What you have to do: Give the lines below again exactly, starting with the line that holds "(of_real (b d)" and going on through the line that holds "of_real (a k) * z ^ k)".

==== Supplied records ====

lemma forest_indep_count_last_le_subforest:
  assumes "finite U" and "acyclic_graph U E" and "R \<subseteq> U"
    and "indep_count R E (Suc k) = 0" and "0 < indep_count U E (Suc k)"
  shows "indep_count R E k \<le> 2 ^ ((card U - 1) div 2) * indep_count U E (Suc k)"
proof -
  have "R \<noteq> U"
    using assms(4,5) by (metis less_irrefl)
  then have "card R < card U"
    using assms(1,3) by (simp add: psubset_card_mono)
  have "indep_count R E k \<le> 2 ^ (card R div 2)"
    using forest_indep_count_last_le[OF _ acyclic_graph_subset[OF assms(2,3)] assms(4)]
      finite_subset[OF assms(3,1)] by simp
  also have "\<dots> \<le> 2 ^ ((card U - 1) div 2)"
    using \<open>card R < card U\<close> by (intro power_increasing div_le_mono) auto
  also have "\<dots> \<le> 2 ^ ((card U - 1) div 2) * indep_count U E (Suc k)"
    using assms(5) by simp
  finally show ?thesis .
qed

lemma indep_count_ratio_isolated_step:
  assumes "finite W" and "u \<in> W" and "neighbours W E u = {}"
    and IH: "\<And>U j. U \<subset> W \<Longrightarrow> 0 < indep_count U E (Suc j) \<Longrightarrow>
               indep_count U E j \<le> ratio_bound (card U) * indep_count U E (Suc j)"
    and pos: "0 < indep_count W E (Suc (Suc k))"
  shows "indep_count W E (Suc k) \<le> ratio_bound (card W) * indep_count W E (Suc (Suc k))"
proof -
  let ?U = "W - {u}" and ?B = "ratio_bound (card W - 1)"
  note rec = indep_count_isolated[OF assms(1-3)]
  have "?U \<subset> W" and card_U: "card ?U = card W - 1"
    using assms(1,2) by auto
  have "2 \<le> card W"
    using indep_count_pos_imp_le_card[OF assms(1) pos] by simp
  have pos_U: "0 < indep_count ?U E (Suc k)"
    using rec[of "Suc k"] pos assms(1) by (auto simp: indep_count_pos_iff)
  have h: "indep_count ?U E k \<le> ?B * indep_count ?U E (Suc k)"
    using IH[OF \<open>?U \<subset> W\<close> pos_U] card_U by simp
  show ?thesis
  proof (cases "0 < indep_count ?U E (Suc (Suc k))")
    case True
    have "indep_count ?U E (Suc k) \<le> ?B * indep_count ?U E (Suc (Suc k))"
      using IH[OF \<open>?U \<subset> W\<close> True] card_U by simp
    then have "indep_count W E (Suc k) \<le> ?B * indep_count W E (Suc (Suc k))"
      using h rec[of k] rec[of "Suc k"] by (simp add: distrib_left)
    also have "\<dots> \<le> ratio_bound (card W) * indep_count W E (Suc (Suc k))"
      by (intro mult_right_mono ratio_bound_mono) auto
    finally show ?thesis .
  next
    case False
    then have "indep_count W E (Suc k) \<le> (?B + 1) * indep_count W E (Suc (Suc k))"
      using h rec[of k] rec[of "Suc k"] by simp
    also have "\<dots> \<le> ratio_bound (card W) * indep_count W E (Suc (Suc k))"
      using ratio_bound_Suc[of "card W - 1"] \<open>2 \<le> card W\<close>
      by (intro mult_right_mono) (auto simp: Suc_diff_Suc numeral_2_eq_2)
    finally show ?thesis .
  qed
qed

lemma indep_count_ratio_leaf_step:
  assumes "finite W" and "acyclic_graph W E" and "u \<in> W" and "neighbours W E u = {v}"
    and IH: "\<And>U j. U \<subset> W \<Longrightarrow> 0 < indep_count U E (Suc j) \<Longrightarrow>
               indep_count U E j \<le> ratio_bound (card U) * indep_count U E (Suc j)"
    and pos: "0 < indep_count W E (Suc (Suc k))"
  shows "indep_count W E (Suc k) \<le> ratio_bound (card W) * indep_count W E (Suc (Suc k))"
proof -
  let ?U1 = "W - {u}" and ?U = "W - {u, v}" and ?R = "W - insert v (neighbours W E v)"
  note v = leaf_neighbour[OF assms(3,4)]
  note rec1 = indep_count_leaf(1)[OF assms(1,3,4)] and rec2 = indep_count_leaf(2)[OF assms(1,3,4)]
  have "?U1 \<subset> W" "?U \<subset> W" and card_U: "card W = card ?U + 2"
    using assms(1,3) v(1,2) card_mono[of W "{u, v}"] by (auto simp: card_Diff_subset)
  have pos_U: "0 < indep_count ?U E (Suc k)"
    using indep_count_pos_Diff_edge[OF assms(1) v(3) pos] .
  have h: "indep_count ?U E k \<le> ratio_bound (card ?U) * indep_count ?U E (Suc k)"
    using IH[OF \<open>?U \<subset> W\<close> pos_U] .
  show ?thesis
  proof (cases "0 < indep_count ?U1 E (Suc (Suc k))")
    case True
    have "card ?U1 \<le> card W" "card ?U \<le> card W"
      using card_mono[OF assms(1), of ?U1] card_U by auto
    then have "ratio_bound (card ?U1) \<le> ratio_bound (card W)"
      and "ratio_bound (card ?U) \<le> ratio_bound (card W)"
      by (simp_all add: ratio_bound_mono)
    then have "indep_count ?U1 E (Suc k) \<le> ratio_bound (card W) * indep_count ?U1 E (Suc (Suc k))"
      and "indep_count ?U E k \<le> ratio_bound (card W) * indep_count ?U E (Suc k)"
      using order_trans[OF IH[OF \<open>?U1 \<subset> W\<close> True] mult_right_mono]
        order_trans[OF h mult_right_mono] by simp_all
    then show ?thesis
      using rec1[of k] rec1[of "Suc k"] by (simp add: distrib_left)
  next
    case False
    then have R0: "indep_count ?R E (Suc k) = 0"
      using rec2[of "Suc k"] by simp
    have "?R \<subseteq> ?U"
      using v(4) by blast
    then have "indep_count ?R E k \<le> 2 ^ ((card ?U - 1) div 2) * indep_count ?U E (Suc k)"
      using forest_indep_count_last_le_subforest[OF _ _ _ R0 pos_U] assms(1,2) acyclic_graph_subset
      by blast
    moreover have "1 \<le> card ?U"
      using pos_U indep_count_pos_imp_le_card[of ?U E "Suc k"] assms(1) by simp
    ultimately have "indep_count W E (Suc k) \<le> ratio_bound (card ?U + 2) * indep_count ?U E (Suc k)"
      using h rec1[of k] rec2[of k] ratio_bound_add_2 by (simp add: algebra_simps)
    then show ?thesis
      using card_U rec1[of "Suc k"] False by simp
  qed
qed

lemma forest_indep_count_ratio:
  assumes "finite W" and "acyclic_graph W E" and "0 < indep_count W E (Suc k)"
  shows "indep_count W E k \<le> ratio_bound (card W) * indep_count W E (Suc k)"
  using assms
proof (induction W arbitrary: k rule: finite_psubset_induct)
  case (psubset W)
  have IH: "indep_count U E j \<le> ratio_bound (card U) * indep_count U E (Suc j)"
    if "U \<subset> W" and "0 < indep_count U E (Suc j)" for U j
    using psubset.IH[OF that(1) _ that(2)] acyclic_graph_subset[OF psubset.prems(1)] that(1) by blast
  show ?case
  proof (cases k)
    case 0
    have "1 \<le> ratio_bound (card W) * indep_count W E (Suc 0)"
      using psubset.prems(2) 0 ratio_bound_pos by (simp add: Suc_le_eq)
    then show ?thesis
      using 0 indep_count_0[OF psubset.hyps] by simp
  next
    case (Suc j)
    have "W \<noteq> {}"
      using indep_count_pos_imp_le_card[OF psubset.hyps psubset.prems(2)] by auto
    show ?thesis
    proof (cases rule: acyclic_has_leaf[OF psubset.hyps \<open>W \<noteq> {}\<close> psubset.prems(1)])
      case (1 u)
      then show ?thesis
        using indep_count_ratio_isolated_step[OF psubset.hyps 1 IH] psubset.prems(2) Suc by simp
    next
      case (2 u v)
      then show ?thesis
        using indep_count_ratio_leaf_step[OF psubset.hyps psubset.prems(1) 2 IH] psubset.prems(2) Suc
        by simp
    qed
  qed
qed

end

lemma one_minus_mult_sum_telescope:
  fixes b :: "nat \<Rightarrow> real" and w :: complex
  shows "(1 - w) * (\<Sum>k\<le>d. of_real (b k) * w ^ k) =
    of_real (b 0) + (\<Sum>k<d. of_real (b (Suc k) - b k) * w ^ Suc k) - of_real (b d) * w ^ Suc d"
  by (induction d) (simp_all add: algebra_simps)

theorem enestrom_kakeya:
  fixes b :: "nat \<Rightarrow> real" and w :: complex
  assumes root: "(\<Sum>k\<le>d. of_real (b k) * w ^ k) = 0"
    and "0 \<le> b 0" and mono: "\<And>k. k < d \<Longrightarrow> b k \<le> b (Suc k)" and "0 < b d"
  shows "norm w \<le> 1"
proof (rule ccontr)
  assume "\<not> norm w \<le> 1"
  then have r: "1 < norm w"
    by simp
  have eq: "of_real (b d) * w ^ Suc d = of_real (b 0) + (\<Sum>k<d. of_real (b (Suc k) - b k) * w ^ Suc k)"
    using one_minus_mult_sum_telescope[of w b d] root by (simp add: algebra_simps)
  have "b d * norm w ^ Suc d = norm (of_real (b d) * w ^ Suc d)"
    using \<open>0 < b d\<close> by (simp add: norm_mult norm_power)
  also have "\<dots> \<le> norm (of_real (b 0) :: complex) + (\<Sum>k<d. norm (of_real (b (Suc k) - b k) * w ^ Suc k))"
    unfolding eq by (intro order_trans[OF norm_triangle_ineq] add_left_mono norm_sum)
  also have "\<dots> = b 0 + (\<Sum>k<d. (b (Suc k) - b k) * norm w ^ Suc k)"
    using assms(2) mono by (auto simp: norm_mult norm_power simp del: of_real_diff intro!: sum.cong)
  also have "\<dots> \<le> b 0 * norm w ^ d + (\<Sum>k<d. (b (Suc k) - b k) * norm w ^ d)"
    using assms(2) r mono
    by (intro add_mono sum_mono mult_left_mono power_increasing mult_le_cancel_left1[THEN iffD2] one_le_power)
      auto
  also have "\<dots> = b d * norm w ^ d"
    by (simp only: sum_distrib_right[symmetric] sum_lessThan_telescope) (simp add: algebra_simps)
  finally have "norm w * norm w ^ d \<le> norm w ^ d"
    using \<open>0 < b d\<close> by simp
  moreover have "0 < norm w ^ d"
    using r by (intro zero_less_power) linarith
  ultimately show False
    using r by (simp add: mult_le_cancel_right2)
qed

corollary enestrom_kakeya_scaled:
  fixes a :: "nat \<Rightarrow> real" and z :: complex
  assumes root: "(\<Sum>k\<le>d. of_real (a k) * z ^ k) = 0"
    and "0 < C" and "0 \<le> a 0" and ratio: "\<And>k. k < d \<Longrightarrow> a k \<le> C * a (Suc k)" and "0 < a d"
  shows "norm z \<le> C"
proof -
  let ?b = "\<lambda>k. a k * C ^ k" and ?w = "z / of_real C"
  have "of_real (?b k) * ?w ^ k = of_real (a k) * z ^ k" for k
    using \<open>0 < C\<close> by (simp add: power_divide)
  then have "(\<Sum>k\<le>d. of_real (?b k) * ?w ^ k) = 0"
    using root by (simp only:)
  moreover have "?b k \<le> ?b (Suc k)" if "k < d" for k
    using mult_right_mono[OF ratio[OF that], of "C ^ k"] \<open>0 < C\<close> by (simp add: algebra_simps)
  ultimately have "norm ?w \<le> 1"
    using enestrom_kakeya[where b = ?b and w = ?w] assms(2,3,5) by simp
  then show ?thesis
    using \<open>0 < C\<close> by (simp add: norm_divide)
qed

theorem corollary2:
  fixes n :: nat and V :: "'a set" and E :: "'a set set" and z :: complex
  assumes "n \<ge> 1" and "is_tree V E" and "card V = n" and "independence_root V E z"
  shows "norm z \<le> (if odd n then 2 powr ((real n - 1) / 2) + (real n - 1) / 2
                   else 2 powr ((real n - 2) / 2) + real n / 2)"
proof -
  have "simple_graph V E" and acyclic: "acyclic_graph V E"
    using assms(2) by (auto simp: is_tree_def)
  then interpret loopless E
    by (intro simple_graph_loopless)
  have fin: "finite V"
    using \<open>simple_graph V E\<close> by (simp add: simple_graph_def)
  let ?\<alpha> = "indep_number V E"
  have "norm z \<le> real (ratio_bound n)"
  proof (rule enestrom_kakeya_scaled[where a = "\<lambda>k. real (indep_count V E k)" and d = ?\<alpha>])
    show "(\<Sum>k\<le>?\<alpha>. of_real (real (indep_count V E k)) * z ^ k) = 0"
      using assms(4) poly_indep_poly[OF fin] by (simp add: independence_root_def)
    show "0 < real (indep_count V E ?\<alpha>)"
      using indep_count_pos_iff[OF fin] by simp
    fix k assume "k < ?\<alpha>"
    then show "real (indep_count V E k) \<le> real (ratio_bound n) * real (indep_count V E (Suc k))"
      using forest_indep_count_ratio[OF fin acyclic] indep_count_pos_iff[OF fin] assms(3)
      by (simp flip: of_nat_mult)
  qed (simp_all add: ratio_bound_pos)
  then show ?thesis
    using real_ratio_bound[OF assms(1)] by simp
qed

====

Your response:
  have "b d * norm w ^ Suc d = norm (of_real (b d) * w ^ Suc d)"
    using \<open>0 < b d\<close> by (simp add: norm_mult norm_power)
  also have "\<dots> \<le> norm (of_real (b 0) :: complex) + (\<Sum>k<d. norm (of_real (b (Suc k) - b k) * w ^ Suc k))"
    unfolding eq by (intro order_trans[OF norm_triangle_ineq] add_left_mono norm_sum)
  also have "\<dots> = b 0 + (\<Sum>k<d. (b (Suc k) - b k) * norm w ^ Suc k)"
    using assms(2) mono by (auto simp: norm_mult norm_power simp del: of_real_diff intro!: sum.cong)
  also have "\<dots> \<le> b 0 * norm w ^ d + (\<Sum>k<d. (b (Suc k) - b k) * norm w ^ d)"
    using assms(2) r mono
    by (intro add_mono sum_mono mult_left_mono power_increasing mult_le_cancel_left1[THEN iffD2] one_le_power)
      auto
  also have "\<dots> = b d * norm w ^ d"
    by (simp only: sum_distrib_right[symmetric] sum_lessThan_telescope) (simp add: algebra_simps)
  finally have "norm w * norm w ^ d \<le> norm w ^ d"
    using \<open>0 < b d\<close> by simp
  moreover have "0 < norm w ^ d"
    using r by (intro zero_less_power) linarith
  ultimately show False
    using r by (simp add: mult_le_cancel_right2)
qed

corollary enestrom_kakeya_scaled:
  fixes a :: "nat \<Rightarrow> real" and z :: complex
  assumes root: "(\<Sum>k\<le>d. of_real (a k) * z ^ k) = 0"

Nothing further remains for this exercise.